Just finished reading The Worst Hard Time by Timothy Egan. Having read Steinbeck's Grapes of Wrath years ago, I thought I understood the Dust Bowl. I've known and loved Woodie Guthrie's music from that time. Truth? I knew nothing. Egan has educated me, which is a good thing because next month I'll be a reader at an event in Lafayette, CO called Dust Bowl Poetry. The whole town is reading Egan's book and a variety of events are planned in response to that communal experience. It's a great idea and I'm pleased to be part of it. Much better than having been part of the original event, which did involve parts of Colorado. If you haven't read this book, do so, please. It is a cautionary tale that relates to our current blind spots about global warming. We need to learn from our collective mistakes.

Monday, August 8, 2011

Moo!

Just finished Jane Smiley's Moo (1995) and loved it. The characters are plentiful and distinct. That she never loses one and keeps all the reins straight through 414 pages of tightly packed prose amazes me. She could drive a twelve-horse hitch through the eye of a needle! Despite having published this book almost two decades ago, she keeps her story fresh, and the fiscal debacle that drives the plot seems particularly timely now.

As a faculty member at a midwestern university, Smiley certainly wrote about what she knew. The whole campus population is available to her and she works them hard. Faculty, students, families, towns people and the animals in the university programs, a hog named Earl Butts to a model of bad equine conformation, they are real. And her range of information has a power all its own--from animal husbandry and horticulture to gold mines in Costa Rica, university administration, economics, religion, farm machines and the hideous bureauracies of academia, all present. She has no angels, just some characters less ego-tainted than others, but they too, are fully present. Read it!

Tuesday, August 2, 2011

Reading in Overdrive

Just back from a vacation in the Colorado high country, no wifi, no TV, no computer. So what's to do in a cabin 9400 ft up the side of a mountain? Sleep, eat, watch the dogs run, and read. In nine days I read nine mystery stories, a history of bread and part of Mrs. Beeton's The Book of Household Management. Obsessive? Ya think? Here's where the obsession really comes to light. At least five of the mysteries, which I read anyway, annoyed me to the point where I would snort and read a clunker sentence or two to anyone who happened to be in the room or on the porch. Even Duncan the Dog got an earful, and his ears are pretty darned big. I doubt, however, that he has much experience with clumsy prose or a distressing lack of editing. His ears are more attuned to deer clattering down the mountain or a chipmunk scolding from a lodgepole pine.

The books in question shall, out of courtesy, remain nameless. However, we might each take a deep breath and hope with every molecule of our being that when we publish, someone will have pointed out the places where we have dumped useless information just because it's esoteric and lets us feel smarter than the reader: like telling me that Fanny Farmer first regularized measurements in recipes.

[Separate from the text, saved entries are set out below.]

lemma tame_path_reparam:
  assumes tame: "tame_path S g" and "\<phi> \<in> G11"
  shows "tame_path S (g \<circ> \<phi>)"
proof (rule tame_pathI)
  have onto: "\<phi> ` {0..1} = {0..1}" by (rule G11_image) fact
  have smono: "strict_mono_on {0..1} \<phi>" by (rule G11_strict_mono_on) fact
  have "state_times S (g \<circ> \<phi>) = \<phi> -` state_times S g \<inter> {0..1}"
    using onto by (auto simp: state_times_def)
  then show "finite (state_times S (g \<circ> \<phi>))"
    using finite_vimage_IntI[OF tame_pathD(3)[OF tame] strict_mono_on_imp_inj_on[OF smono]] by simp
  fix s t :: real assume st: "0 \<le> s" "s < t" "t \<le> 1" "(g \<circ> \<phi>) s = (g \<circ> \<phi>) t"
  have "\<phi> s < \<phi> t" using strict_mono_onD[OF smono] st by auto
  moreover have "\<phi> s \<in> {0..1}" "\<phi> t \<in> {0..1}" using onto st by auto
  ultimately obtain u where u: "u \<in> {\<phi> s..\<phi> t}" "g u \<in> S"
    using tame_pathD(4)[OF tame, of "\<phi> s" "\<phi> t"] st by auto
  then obtain v where v: "v \<in> {0..1}" "u = \<phi> v" using onto \<open>\<phi> s \<in> {0..1}\<close> \<open>\<phi> t \<in> {0..1}\<close>
    by (metis atLeastAtMost_iff imageE order_trans)
  then have "v \<in> {s..t}" using u st strict_mono_on_less_eq[OF smono] by auto
  with u v show "\<exists>v\<in>{s..t}. (g \<circ> \<phi>) v \<in> S" by auto
next
  show "(g \<circ> \<phi>) 0 \<in> S" "(g \<circ> \<phi>) 1 \<in> S"
    using tame_pathD(1,2)[OF tame] G11_endpoints[OF assms(2)] by auto
qed

lemma tame_path_normcomp:
  assumes tame1: "tame_path S g1" and tame2: "tame_path S g2" and "g1 1 = g2 0"
  shows "tame_path S (normcomp g1 g2)"
proof (rule tame_pathI)
  let ?h = "normcomp g1 g2"
  have left: "?h t = g1 (2 * t)" if "t \<le> 1/2" for t using that by (simp add: normcomp_def)
  have right: "?h t = g2 (2 * t - 1)" if "\<not> t \<le> 1/2" for t using that by (simp add: normcomp_def)
  have "state_times S ?h \<subseteq> (\<lambda>x. x / 2) ` state_times S g1 \<union> (\<lambda>x. (x + 1) / 2) ` state_times S g2"
  proof
    fix t assume t: "t \<in> state_times S ?h"
    show "t \<in> (\<lambda>x. x / 2) ` state_times S g1 \<union> (\<lambda>x. (x + 1) / 2) ` state_times S g2"
    proof (cases "t \<le> 1/2")
      case True
      then have "2 * t \<in> state_times S g1" using t left by (auto simp: state_times_def)
      then show ?thesis by (intro UnI1 image_eqI[of _ _ "2 * t"]) auto
    next
      case False
      then have "2 * t - 1 \<in> state_times S g2" using t right by (auto simp: state_times_def)
      then show ?thesis by (intro UnI2 image_eqI[of _ _ "2 * t - 1"]) auto
    qed
  qed
  then show "finite (state_times S ?h)"
    using tame_pathD(3)[OF tame1] tame_pathD(3)[OF tame2]
    by (rule finite_subset[OF _ finite_UnI[OF finite_imageI finite_imageI]])
  show "?h 0 \<in> S" "?h 1 \<in> S"
    using left[of 0] right[of 1] tame_pathD(1)[OF tame1] tame_pathD(2)[OF tame2] by auto
  fix s t :: real assume st: "0 \<le> s" "s < t" "t \<le> 1" "?h s = ?h t"
  consider "t \<le> 1/2" | "s \<le> 1/2" "\<not> t \<le> 1/2" | "\<not> s \<le> 1/2" by linarith
  then show "\<exists>u\<in>{s..t}. ?h u \<in> S"
  proof cases
    case 1
    then have "g1 (2 * s) = g1 (2 * t)" using st left by simp
    then obtain u where "u \<in> {2 * s..2 * t}" "g1 u \<in> S"
      using tame_pathD(4)[OF tame1, of "2 * s" "2 * t"] st 1 by auto
    then show ?thesis using left[of "u / 2"] 1 by (intro bexI[of _ "u / 2"]) auto
  next
    case 2
    then show ?thesis using left[of "1/2"] tame_pathD(2)[OF tame1] by (intro bexI[of _ "1/2"]) auto
  next
    case 3
    then have "g2 (2 * s - 1) = g2 (2 * t - 1)" using st right by simp
    then obtain u where u: "u \<in> {2 * s - 1..2 * t - 1}" "g2 u \<in> S"
      using tame_pathD(4)[OF tame2, of "2 * s - 1" "2 * t - 1"] st 3 by auto
    with 3 have "?h ((u + 1) / 2) = g2 u" using right[of "(u + 1) / 2"] by (simp add: field_simps)
    with u show ?thesis by (intro bexI[of _ "(u + 1) / 2"]) auto
  qed
qed

lemma gen_paths_tame:
  assumes "g \<in> gen_paths P" and "\<forall>p\<in>P. tame_path S p"
  shows "tame_path S g"
  using assms(1)
proof induction
  case (base g)
  then show ?case using assms(2) by blast
next
  case (reparam g \<phi>)
  then show ?case by (blast intro: tame_path_reparam)
next
  case (concat g1 g2)
  then show ?case by (blast intro: tame_path_normcomp)
next
  case (ext g h)
  then show ?case by (blast intro: tame_path_cong)
qed

lemma strict_mono_on_finite_self_map_eq_id:
  fixes \<psi> :: "'a::linorder \<Rightarrow> 'a"
  assumes fin: "finite T" and into: "\<psi> ` T \<subseteq> T" and smono: "strict_mono_on T \<psi>" and "t \<in> T"
  shows "\<psi> t = t"
proof (rule ccontr)
  assume "\<psi> t \<noteq> t"
  have inj: "inj_on \<psi> A" if "A \<subseteq> T" for A
    using strict_mono_on_imp_inj_on[OF smono] that by (rule inj_on_subset)
  have \<psi>t: "\<psi> t \<in> T" using into \<open>t \<in> T\<close> by blast
  note less_iff = strict_mono_on_less[OF smono]
  consider "\<psi> t < t" | "t < \<psi> t" using \<open>\<psi> t \<noteq> t\<close> neqE by blast
  then show False
  proof cases
    case 1
    let ?A = "{s\<in>T. s < t}" and ?B = "{s\<in>T. s < \<psi> t}"
    have "\<psi> ` ?A \<subseteq> ?B" using into less_iff \<open>t \<in> T\<close> by auto
    then have "card ?A \<le> card ?B" using fin inj[of ?A] by (intro card_inj_on_le) auto
    moreover have "?B \<subset> ?A" using 1 \<psi>t by auto
    then have "card ?B < card ?A" using fin by (intro psubset_card_mono) auto
    ultimately show False by simp
  next
    case 2
    let ?A = "{s\<in>T. t < s}" and ?B = "{s\<in>T. \<psi> t < s}"
    have "\<psi> ` ?A \<subseteq> ?B" using into less_iff \<open>t \<in> T\<close> by auto
    then have "card ?A \<le> card ?B" using fin inj[of ?A] by (intro card_inj_on_le) auto
    moreover have "?B \<subset> ?A" using 2 \<psi>t by auto
    then have "card ?B < card ?A" using fin by (intro psubset_card_mono) auto
    ultimately show False by simp
  qed
qed

lemma self_reparam_state_times_iff:
  assumes "\<psi> ` {0..1} \<subseteq> {0..1}" and "\<forall>t\<in>{0..1}. g (\<psi> t) = g t" and "t \<in> {0..1}"
  shows "\<psi> t \<in> state_times S g \<longleftrightarrow> t \<in> state_times S g"
  using assms by (auto simp: state_times_def image_subset_iff)

lemma tame_path_self_reparam_strict_mono_on_state_times:
  assumes tame: "tame_path S g" and into: "\<psi> ` {0..1} \<subseteq> {0..1}" and mono: "mono_on {0..1} \<psi>"
    and inv: "\<forall>t\<in>{0..1}. g (\<psi> t) = g t"
  shows "strict_mono_on (state_times S g) \<psi>"
proof (rule strict_mono_onI)
  note \<psi>_state = self_reparam_state_times_iff[OF into inv]
  fix a b assume ab: "a \<in> state_times S g" "b \<in> state_times S g" "a < b"
  then have ab01: "a \<in> {0..1}" "b \<in> {0..1}" by (auto simp: state_times_def)
  show "\<psi> a < \<psi> b"
  proof (rule ccontr)
    assume "\<not> \<psi> a < \<psi> b"
    with mono_onD[OF mono ab01] ab(3) have eq: "\<psi> a = \<psi> b" by simp
    have "\<not> {a<..<b} \<subseteq> state_times S g"
      using tame_pathD(3)[OF tame] finite_subset ab(3) infinite_Ioo by blast
    then obtain c where c: "c \<in> {a<..<b}" "c \<notin> state_times S g" by blast
    with ab01 have c01: "c \<in> {0..1}" by auto
    have "\<psi> a \<le> \<psi> c" "\<psi> c \<le> \<psi> b" using mono_onD[OF mono] c ab01 c01 by auto
    with eq have "\<psi> c = \<psi> a" by simp
    then show False using \<psi>_state[OF c01] \<psi>_state[OF ab01(1)] ab(1) c(2) by simp
  qed
qed

lemma tame_path_self_reparam_eq_id:
  assumes tame: "tame_path S g" and into: "\<psi> ` {0..1} \<subseteq> {0..1}" and mono: "mono_on {0..1} \<psi>"
    and inv: "\<forall>t\<in>{0..1}. g (\<psi> t) = g t"
  shows "\<forall>t\<in>{0..1}. \<psi> t = t"
proof
  note \<psi>_state = self_reparam_state_times_iff[OF into inv]
  have fixed: "\<psi> u = u" if "u \<in> state_times S g" for u
  proof (rule strict_mono_on_finite_self_map_eq_id)
    show "\<psi> ` state_times S g \<subseteq> state_times S g" using \<psi>_state by (auto simp: state_times_def)
  qed (use tame_pathD(3)[OF tame] tame_path_self_reparam_strict_mono_on_state_times[OF assms] that
      in auto)
  fix t :: real assume t: "t \<in> {0..1}"
  show "\<psi> t = t"
  proof (rule ccontr)
    assume "\<psi> t \<noteq> t"
    then have "t \<notin> state_times S g" using fixed by blast
    with \<psi>_state[OF t] have \<psi>t: "\<psi> t \<notin> state_times S g" by blast
    define a b where "a = min t (\<psi> t)" and "b = max t (\<psi> t)"
    have "\<psi> t \<in> {0..1}" using into t by blast
    with t \<open>\<psi> t \<noteq> t\<close> have ab: "0 \<le> a" "a < b" "b \<le> 1" "g a = g b"
      using inv by (auto simp: a_def b_def min_def max_def)
    then obtain u where u: "u \<in> {a..b}" "g u \<in> S" using tame_pathD(4)[OF tame] by blast
    then have uT: "u \<in> state_times S g" using ab by (auto simp: state_times_def)
    with \<open>t \<notin> state_times S g\<close> \<psi>t u(1) have "a < u" "u < b"
      by (auto simp: a_def b_def min_def max_def order_le_less split: if_splits)
    have u01: "u \<in> {0..1}" using uT by (simp add: state_times_def)
    have "\<psi> t \<le> u" if "t \<le> u" using mono_onD[OF mono t u01 that] fixed[OF uT] by simp
    moreover have "u \<le> \<psi> t" if "u \<le> t" using mono_onD[OF mono u01 t that] fixed[OF uT] by simp
    ultimately show False
      using \<open>a < u\<close> \<open>u < b\<close> by (auto simp: a_def b_def min_def max_def split: if_splits)
  qed
qed

lemma tame_path_reparam_comp_eq_id:
  assumes "tame_path S g1"
    and "\<phi>1 ` {0..1} \<subseteq> {0..1}" "mono_on {0..1} \<phi>1" "\<phi>2 ` {0..1} \<subseteq> {0..1}" "mono_on {0..1} \<phi>2"
    and "\<forall>t\<in>{0..1}. g1 (\<phi>1 t) = g2 t" "\<forall>t\<in>{0..1}. g1 t = g2 (\<phi>2 t)"
  shows "\<forall>t\<in>{0..1}. \<phi>1 (\<phi>2 t) = t"
proof -
  have "\<forall>t\<in>{0..1}. (\<phi>1 \<circ> \<phi>2) t = t"
  proof (rule tame_path_self_reparam_eq_id[OF assms(1)])
    show "(\<phi>1 \<circ> \<phi>2) ` {0..1} \<subseteq> {0..1}" using assms(2,4) by (auto simp: image_subset_iff)
    show "mono_on {0..1} (\<phi>1 \<circ> \<phi>2)" using assms(3,5,4) by (rule monotone_on_o)
    show "\<forall>t\<in>{0..1}. g1 ((\<phi>1 \<circ> \<phi>2) t) = g1 t" using assms(4,6,7) by (auto simp: image_subset_iff)
  qed
  then show ?thesis by simp
qed

lemma tame_path_if_inj_on_interior:
  assumes "h 0 \<in> S" "h 1 \<in> S" and inj: "inj_on h {0<..<1}" and avoids: "h ` {0<..<1} \<inter> S = {}"
  shows "tame_path S h"
proof (rule tame_pathI)
  have "state_times S h \<subseteq> {0, 1}"
  proof
    fix t assume "t \<in> state_times S h"
    then have "t \<in> {0..1}" "h t \<in> S" by (auto simp: state_times_def)
    moreover have "t \<notin> {0<..<1}" using avoids \<open>h t \<in> S\<close> by blast
    ultimately show "t \<in> {0, 1}" by auto
  qed
  then show "finite (state_times S h)" by (rule finite_subset) simp
  fix s t :: real assume st: "0 \<le> s" "s < t" "t \<le> 1" "h s = h t"
  show "\<exists>u\<in>{s..t}. h u \<in> S"
  proof (cases "s = 0 \<or> t = 1")
    case True
    then show ?thesis using assms(1,2) st(2) by auto
  next
    case False
    with st have "s \<in> {0<..<1}" "t \<in> {0<..<1}" by auto
    with inj st have "s = t" by (blast dest: inj_onD)
    with st(2) show ?thesis by simp
  qed
qed (use assms in auto)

Actually, Mrs. Beeton did so to a degree a century or so earlier. (She lived 1836-1865. Farmer seems to have published in 1918.) This sort of detail feels about as right as chocolate chips in Yorkshire pudding. Then there's the snob effect where the heroine remarks that someone has used incorrect syntax in speech. Dialog is not, not, not, about correctness. Dialog is the faithful, concise reflection of how the individual characters speak. Nor do I appreciate having an author explain what has already become obvious through the action. If you write anything, especially mystery stories where plot and pacing are crucial, don't sin against your readership. If you write, edit or publish such drivel, shame!